SOURCE DATA -
text \<open>Let S = N(x), A = N(c) and \<mu> = |S| |A| / |V(H)|, so that \<mu> \<ge> \<delta> / (2 \<alpha>). A vertex y \<in> S
  coloured in A is counted by W unless its colour is repeated in S or it has more than d / \<surd>\<alpha>
  bad neighbours, and when its colour is unique in S those bad neighbours see that colour on Y - S.
  Hence W \<le> \<mu> / 2 forces one of three events: at most 3\<mu>/5 vertices of S are coloured in A
  (a Chernoff lower tail); more than \<mu>/20 of them have many bad neighbours seen from Y - S
  (conditioning on the colours of Y - S, the number of such colours per vertex is fixed, and an
  exponential moment over the colours of Y - S counts paths of length two: at most d^2 of them end
  at each vertex while there are \<alpha> d colours); or at least \<mu>/20 vertices of S carry a repeated
  colour from A, which yields \<mu>/60 disjoint monochromatic pairs and a union bound over matchings.
  Each event has probability e^(-\<Omega>(\<mu>)).\<close>

section \<open>Uniform random colourings\<close>

lemma sum_PiE_Un_split:
  fixes F :: "('a \<Rightarrow> 'b) \<Rightarrow> 'c::comm_monoid_add"
  assumes "A \<inter> B = {}"
  shows "(\<Sum>f\<in>A \<union> B \<rightarrow>\<^sub>E V. F f) =
         (\<Sum>g\<in>B \<rightarrow>\<^sub>E V. \<Sum>h\<in>A \<rightarrow>\<^sub>E V. F (\<lambda>i. if i \<in> A then h i else g i))"
proof -
  have merge_restrict: "(\<lambda>i. if i \<in> A then restrict f A i else restrict f B i) = f"
    if "f \<in> A \<union> B \<rightarrow>\<^sub>E V" for f
    using that by (auto simp: PiE_def extensional_def fun_eq_iff)
  have "(\<Sum>f\<in>A \<union> B \<rightarrow>\<^sub>E V. F f) =
        (\<Sum>(h, g)\<in>(A \<rightarrow>\<^sub>E V) \<times> (B \<rightarrow>\<^sub>E V). F (\<lambda>i. if i \<in> A then h i else g i))"
    by (rule sum.reindex_bij_witness[of _ "\<lambda>(h, g) i. if i \<in> A then h i else g i"
          "\<lambda>f. (restrict f A, restrict f B)"])
       (use merge_restrict assms in \<open>auto simp: PiE_def extensional_def fun_eq_iff\<close>)
  also have "\<dots> = (\<Sum>h\<in>A \<rightarrow>\<^sub>E V. \<Sum>g\<in>B \<rightarrow>\<^sub>E V. F (\<lambda>i. if i \<in> A then h i else g i))"
    by (simp add: sum.cartesian_product)
  also have "\<dots> = (\<Sum>g\<in>B \<rightarrow>\<^sub>E V. \<Sum>h\<in>A \<rightarrow>\<^sub>E V. F (\<lambda>i. if i \<in> A then h i else g i))"
    by (rule sum.swap)
  finally show ?thesis .
qed

lemma prob_uniform_funcset_le:
  fixes h :: "('a \<Rightarrow> 'b) \<Rightarrow> real"
  assumes "finite Y" "finite V" "V \<noteq> {}"
    and "\<And>f. f \<in> Y \<rightarrow>\<^sub>E V \<Longrightarrow> 0 \<le> h f" and "\<And>f. f \<in> Y \<rightarrow>\<^sub>E V \<Longrightarrow> f \<in> E \<Longrightarrow> 1 \<le> h f"
  shows "measure_pmf.prob (pmf_of_set (Y \<rightarrow>\<^sub>E V)) E \<le> (\<Sum>f\<in>Y \<rightarrow>\<^sub>E V. h f) / real (card V) ^ card Y"
proof -
  let ?F = "Y \<rightarrow>\<^sub>E V"
  have fin: "finite ?F" and ne: "?F \<noteq> {}"
    using assms(1-3) by (auto simp: finite_PiE PiE_eq_empty_iff)
  have "real (card (?F \<inter> E)) = (\<Sum>f\<in>?F \<inter> E. 1)" by simp
  also have "\<dots> \<le> (\<Sum>f\<in>?F \<inter> E. h f)" using assms(5) by (intro sum_mono) auto
  also have "\<dots> \<le> (\<Sum>f\<in>?F. h f)" using fin assms(4) by (intro sum_mono2) auto
  finally show ?thesis
    using fin ne assms(1) by (simp add: measure_pmf_of_set card_PiE divide_right_mono)
qed

lemma sum_if_mem_eq:
  assumes "finite V" "A \<subseteq> V"
  shows "(\<Sum>a\<in>V. if a \<in> A then z else 1) = real (card A) * z + (real (card V) - real (card A))"
proof -
  have "(\<Sum>a\<in>V. if a \<in> A then z else 1) = (\<Sum>a\<in>A. z) + (\<Sum>a\<in>V - A. 1)"
    using assms by (simp add: sum.If_cases Int_absorb1 Int_absorb2 Diff_eq[symmetric] Int_commute)
  then show ?thesis
    using assms by (simp add: card_Diff_subset finite_subset of_nat_diff card_mono)
qed

lemma card_mult_add_le_exp:
  fixes a n z :: real
  assumes "0 < n"
  shows "a * z + (n - a) \<le> n * exp (a * (z - 1) / n)"
proof -
  have "a * z + (n - a) = n * (1 + a * (z - 1) / n)" using assms by (simp add: field_simps)
  also have "\<dots> \<le> n * exp (a * (z - 1) / n)"
    using assms by (intro mult_left_mono exp_ge_add_one_self) auto
  finally show ?thesis .
qed

text \<open>Exponential moments of colour counts have this product form; the sum over colourings
  factorises because the colours are independent.\<close>
lemma sum_PiE_prod_if_mem_le:
  fixes z :: "'a \<Rightarrow> real"
  assumes "finite Y" "finite V" "V \<noteq> {}"
    and "\<And>y. y \<in> Y \<Longrightarrow> A y \<subseteq> V" and "\<And>y. y \<in> Y \<Longrightarrow> 0 \<le> z y"
  shows "(\<Sum>f\<in>Y \<rightarrow>\<^sub>E V. \<Prod>y\<in>Y. if f y \<in> A y then z y else 1)
      \<le> real (card V) ^ card Y * exp (\<Sum>y\<in>Y. card (A y) * (z y - 1) / card V)"
proof -
  let ?n = "real (card V)"
  have n0: "0 < ?n" using assms(2,3) by (simp add: card_gt_0_iff)
  have "(\<Sum>f\<in>Y \<rightarrow>\<^sub>E V. \<Prod>y\<in>Y. if f y \<in> A y then z y else 1)
      = (\<Prod>y\<in>Y. real (card (A y)) * z y + (?n - card (A y)))"
    using assms(1,2) prod_sum_PiE[of Y "\<lambda>_. V" "\<lambda>y a. if a \<in> A y then z y else 1"]
    by (simp add: assms(4) sum_if_mem_eq)
  also have "\<dots> \<le> (\<Prod>y\<in>Y. ?n * exp (card (A y) * (z y - 1) / ?n))"
  proof (rule prod_mono)
    fix y assume y: "y \<in> Y"
    have "real (card (A y)) \<le> ?n" using card_mono[OF assms(2) assms(4)[OF y]] by simp
    then show "0 \<le> real (card (A y)) * z y + (?n - card (A y)) \<and>
        real (card (A y)) * z y + (?n - card (A y)) \<le> ?n * exp (card (A y) * (z y - 1) / ?n)"
      using assms(5)[OF y] n0 card_mult_add_le_exp by auto
  qed
  also have "\<dots> = ?n ^ card Y * exp (\<Sum>y\<in>Y. card (A y) * (z y - 1) / ?n)"
    using assms(1) by (simp add: prod.distrib exp_sum)
  finally show ?thesis .
qed

lemma prod_if_eq_power_card:
  "finite Y \<Longrightarrow> (\<Prod>y\<in>Y. if P y then (z::real) else 1) = z ^ card {y\<in>Y. P y}"
  by (simp add: prod.inter_filter[symmetric])

section \<open>Few vertices of S coloured in A\<close>

lemma exp_neg_half_le: "exp (- (1/2) :: real) \<le> 2/3"
proof -
  have "3/2 \<le> exp (1/2 :: real)" using exp_ge_add_one_self[of "1/2 :: real"] by simp
  then show ?thesis by (simp add: exp_minus field_simps)
qed

lemma prob_few_hits_le:
  assumes "finite Y" "S \<subseteq> Y" "finite V" "A \<subseteq> V" "V \<noteq> {}"
  defines "\<mu> \<equiv> real (card S) * card A / card V"
  shows "measure_pmf.prob (pmf_of_set (Y \<rightarrow>\<^sub>E V)) {f. real (card {y\<in>S. f y \<in> A}) \<le> 3/5 * \<mu>}
      \<le> exp (- \<mu> / 30)"
proof -
  let ?n = "real (card V)"
  let ?hits = "\<lambda>f. real (card {y\<in>S. f y \<in> A})"
  let ?A = "\<lambda>y. if y \<in> S then A else {}"
  have n0: "0 < ?n" using assms(3,5) by (simp add: card_gt_0_iff)
  have exp_hits: "exp (- (1/2) * ?hits f) = (\<Prod>y\<in>Y. if f y \<in> ?A y then exp (- (1/2)) else 1)" for f
  proof -
    have "{y\<in>Y. f y \<in> ?A y} = {y\<in>S. f y \<in> A}" using assms(2) by auto
    then show ?thesis
      using assms(1) by (simp add: prod_if_eq_power_card exp_of_nat_mult[symmetric] mult.commute)
  qed
  have sum_A: "(\<Sum>y\<in>Y. card (?A y) * (exp (- (1/2)) - 1) / ?n) = \<mu> * (exp (- (1/2)) - 1)"
  proof -
    have "(\<Sum>y\<in>Y. card (?A y) * (exp (- (1/2)) - 1) / ?n) = (\<Sum>y\<in>S. card A * (exp (- (1/2)) - 1) / ?n)"
      using assms(1,2) by (intro sum.mono_neutral_cong_right) auto
    then show ?thesis by (simp add: \<mu>_def)
  qed
  have sum_exp_hits: "(\<Sum>f\<in>Y \<rightarrow>\<^sub>E V. exp (- (1/2) * ?hits f)) \<le> ?n ^ card Y * exp (\<mu> * (exp (- (1/2)) - 1))"
    unfolding exp_hits sum_A[symmetric] using assms(4)
    by (intro sum_PiE_prod_if_mem_le[OF assms(1,3,5)]) auto
  have "measure_pmf.prob (pmf_of_set (Y \<rightarrow>\<^sub>E V)) {f. ?hits f \<le> 3/5 * \<mu>}
      \<le> (\<Sum>f\<in>Y \<rightarrow>\<^sub>E V. exp (3/10 * \<mu>) * exp (- (1/2) * ?hits f)) / ?n ^ card Y"
    by (rule prob_uniform_funcset_le) (use assms in \<open>auto simp: exp_add[symmetric]\<close>)
  also have "\<dots> \<le> exp (3/10 * \<mu>) * exp (\<mu> * (exp (- (1/2)) - 1))"
    using sum_exp_hits n0 by (simp add: sum_distrib_left[symmetric] field_simps)
  also have "\<dots> \<le> exp (3/10 * \<mu>) * exp (- \<mu> / 3)"
  proof -
    have "0 \<le> \<mu>" by (simp add: \<mu>_def)
    then have "\<mu> * (exp (- (1/2)) - 1) \<le> \<mu> * (2/3 - 1)"
      using exp_neg_half_le by (intro mult_left_mono) auto
    then show ?thesis using n0 by simp
  qed
  also have "\<dots> = exp (- \<mu> / 30)" by (simp add: exp_add[symmetric])
  finally show ?thesis .
qed

section \<open>Bad neighbours seen from outside S\<close>

lemma sum_card_common_nbhd_le:
  assumes sym: "\<And>u v. E u v \<Longrightarrow> E v u" and fin: "\<And>v. finite (nbhd E v)"
    and deg: "\<And>v. card (nbhd E v) \<le> d" and "finite B"
  shows "(\<Sum>v\<in>B. card (nbhd E y \<inter> nbhd E v)) \<le> d ^ 2"
proof -
  have "(\<Sum>v\<in>B. card (nbhd E y \<inter> nbhd E v)) = (\<Sum>v\<in>B. \<Sum>u\<in>nbhd E y. of_bool (u \<in> nbhd E v))"
    using fin by simp
  also have "\<dots> = (\<Sum>u\<in>nbhd E y. card (B \<inter> {v. u \<in> nbhd E v}))"
    by (subst sum.swap) (simp add: \<open>finite B\<close>)
  also have "\<dots> \<le> (\<Sum>u\<in>nbhd E y. d)"
  proof (rule sum_mono)
    fix u
    have "B \<inter> {v. u \<in> nbhd E v} \<subseteq> nbhd E u" using sym by (auto simp: nbhd_def)
    then show "card (B \<inter> {v. u \<in> nbhd E v}) \<le> d" using card_mono[OF fin] deg le_trans by blast
  qed
  also have "\<dots> \<le> d ^ 2" using deg[of y] by (simp add: power2_eq_square)
  finally show ?thesis .
qed

text \<open>Unlike Bad, this count of neighbours of y that see colour a on Y - S depends only
  on the colouring of Y - S, which is what allows conditioning on the colours outside S.\<close>
definition Bad_outside :: "(nat \<Rightarrow> nat \<Rightarrow> bool) \<Rightarrow> nat set \<Rightarrow> nat set \<Rightarrow> (nat \<Rightarrow> nat) \<Rightarrow> nat \<Rightarrow> nat \<Rightarrow> nat" where
  "Bad_outside E Y S col y a = card {u \<in> nbhd E y. \<exists>v \<in> nbhd E u. v \<in> Y - S \<and> col v = a}"

lemma Bad_outside_merge:
  "Bad_outside E Y S (\<lambda>i. if i \<in> S then h i else g i) y a = Bad_outside E Y S g y a"
  unfolding Bad_outside_def by (rule arg_cong[where f = card]) auto

definition codegree_sum :: "(nat \<Rightarrow> nat \<Rightarrow> bool) \<Rightarrow> nat set \<Rightarrow> nat \<Rightarrow> nat" where
  "codegree_sum E S v = (\<Sum>y\<in>S. card (nbhd E y \<inter> nbhd E v))"

lemma Bad_outside_le:
  assumes sym: "\<And>u v. E u v \<Longrightarrow> E v u" and fin: "\<And>v. finite (nbhd E v)" and "finite Y"
  shows "Bad_outside E Y S g y a \<le> (\<Sum>v\<in>{v\<in>Y - S. g v = a}. card (nbhd E y \<inter> nbhd E v))"
proof -
  have "{u \<in> nbhd E y. \<exists>v \<in> nbhd E u. v \<in> Y - S \<and> g v = a}
      \<subseteq> (\<Union>v\<in>{v\<in>Y - S. g v = a}. nbhd E y \<inter> nbhd E v)"
    using sym by (auto simp: nbhd_def)
  then have "Bad_outside E Y S g y a \<le> card (\<Union>v\<in>{v\<in>Y - S. g v = a}. nbhd E y \<inter> nbhd E v)"
    unfolding Bad_outside_def using fin by (intro card_mono) auto
  also have "\<dots> \<le> (\<Sum>v\<in>{v\<in>Y - S. g v = a}. card (nbhd E y \<inter> nbhd E v))"
    using \<open>finite Y\<close> by (intro card_UN_le) auto
  finally show ?thesis .
qed

lemma sum_Bad_outside_le:
  assumes sym: "\<And>u v. E u v \<Longrightarrow> E v u" and fin: "\<And>v. finite (nbhd E v)"
    and "finite Y" and "finite A"
  shows "(\<Sum>y\<in>S. \<Sum>a\<in>A. Bad_outside E Y S g y a) \<le> (\<Sum>v\<in>{v\<in>Y - S. g v \<in> A}. codegree_sum E S v)"
proof -
  let ?B = "{v\<in>Y - S. g v \<in> A}"
  have "(\<Sum>a\<in>A. Bad_outside E Y S g y a) \<le> (\<Sum>v\<in>?B. card (nbhd E y \<inter> nbhd E v))" for y
  proof -
    have "(\<Sum>a\<in>A. Bad_outside E Y S g y a)
        \<le> (\<Sum>a\<in>A. \<Sum>v\<in>{v\<in>?B. g v = a}. card (nbhd E y \<inter> nbhd E v))"
    proof (rule sum_mono)
      fix a assume "a \<in> A"
      then have "{v\<in>?B. g v = a} = {v\<in>Y - S. g v = a}" by auto
      then show "Bad_outside E Y S g y a \<le> (\<Sum>v\<in>{v\<in>?B. g v = a}. card (nbhd E y \<inter> nbhd E v))"
        using Bad_outside_le[OF sym fin \<open>finite Y\<close>] by simp
    qed
    also have "\<dots> = (\<Sum>v\<in>?B. card (nbhd E y \<inter> nbhd E v))"
      using \<open>finite Y\<close> \<open>finite A\<close> by (intro sum.group) auto
    finally show ?thesis .
  qed
  then have "(\<Sum>y\<in>S. \<Sum>a\<in>A. Bad_outside E Y S g y a) \<le> (\<Sum>y\<in>S. \<Sum>v\<in>?B. card (nbhd E y \<inter> nbhd E v))"
    by (rule sum_mono)
  also have "\<dots> = (\<Sum>v\<in>?B. codegree_sum E S v)"
    unfolding codegree_sum_def by (rule sum.swap)
  finally show ?thesis .
qed

lemma codegree_sum_le:
  assumes "\<And>u v. E u v \<Longrightarrow> E v u" "\<And>v. finite (nbhd E v)" "\<And>v. card (nbhd E v) \<le> d" "finite S"
  shows "codegree_sum E S v \<le> d ^ 2"
  unfolding codegree_sum_def using sum_card_common_nbhd_le[OF assms, of v] by (simp add: Int_commute)

lemma sum_codegree_sum_le:
  assumes "\<And>u v. E u v \<Longrightarrow> E v u" "\<And>v. finite (nbhd E v)" "\<And>v. card (nbhd E v) \<le> d" "finite B"
  shows "(\<Sum>v\<in>B. codegree_sum E S v) \<le> card S * d ^ 2"
proof -
  have "(\<Sum>v\<in>B. codegree_sum E S v) = (\<Sum>y\<in>S. \<Sum>v\<in>B. card (nbhd E y \<inter> nbhd E v))"
    unfolding codegree_sum_def by (rule sum.swap)
  also have "\<dots> \<le> (\<Sum>y\<in>S. d ^ 2)" by (intro sum_mono sum_card_common_nbhd_le[OF assms])
  finally show ?thesis by simp
qed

PROMPT - The required answer is the count of lines in the listing that contain the word "shows", with no other text.

RESULT OF THE TASK - 11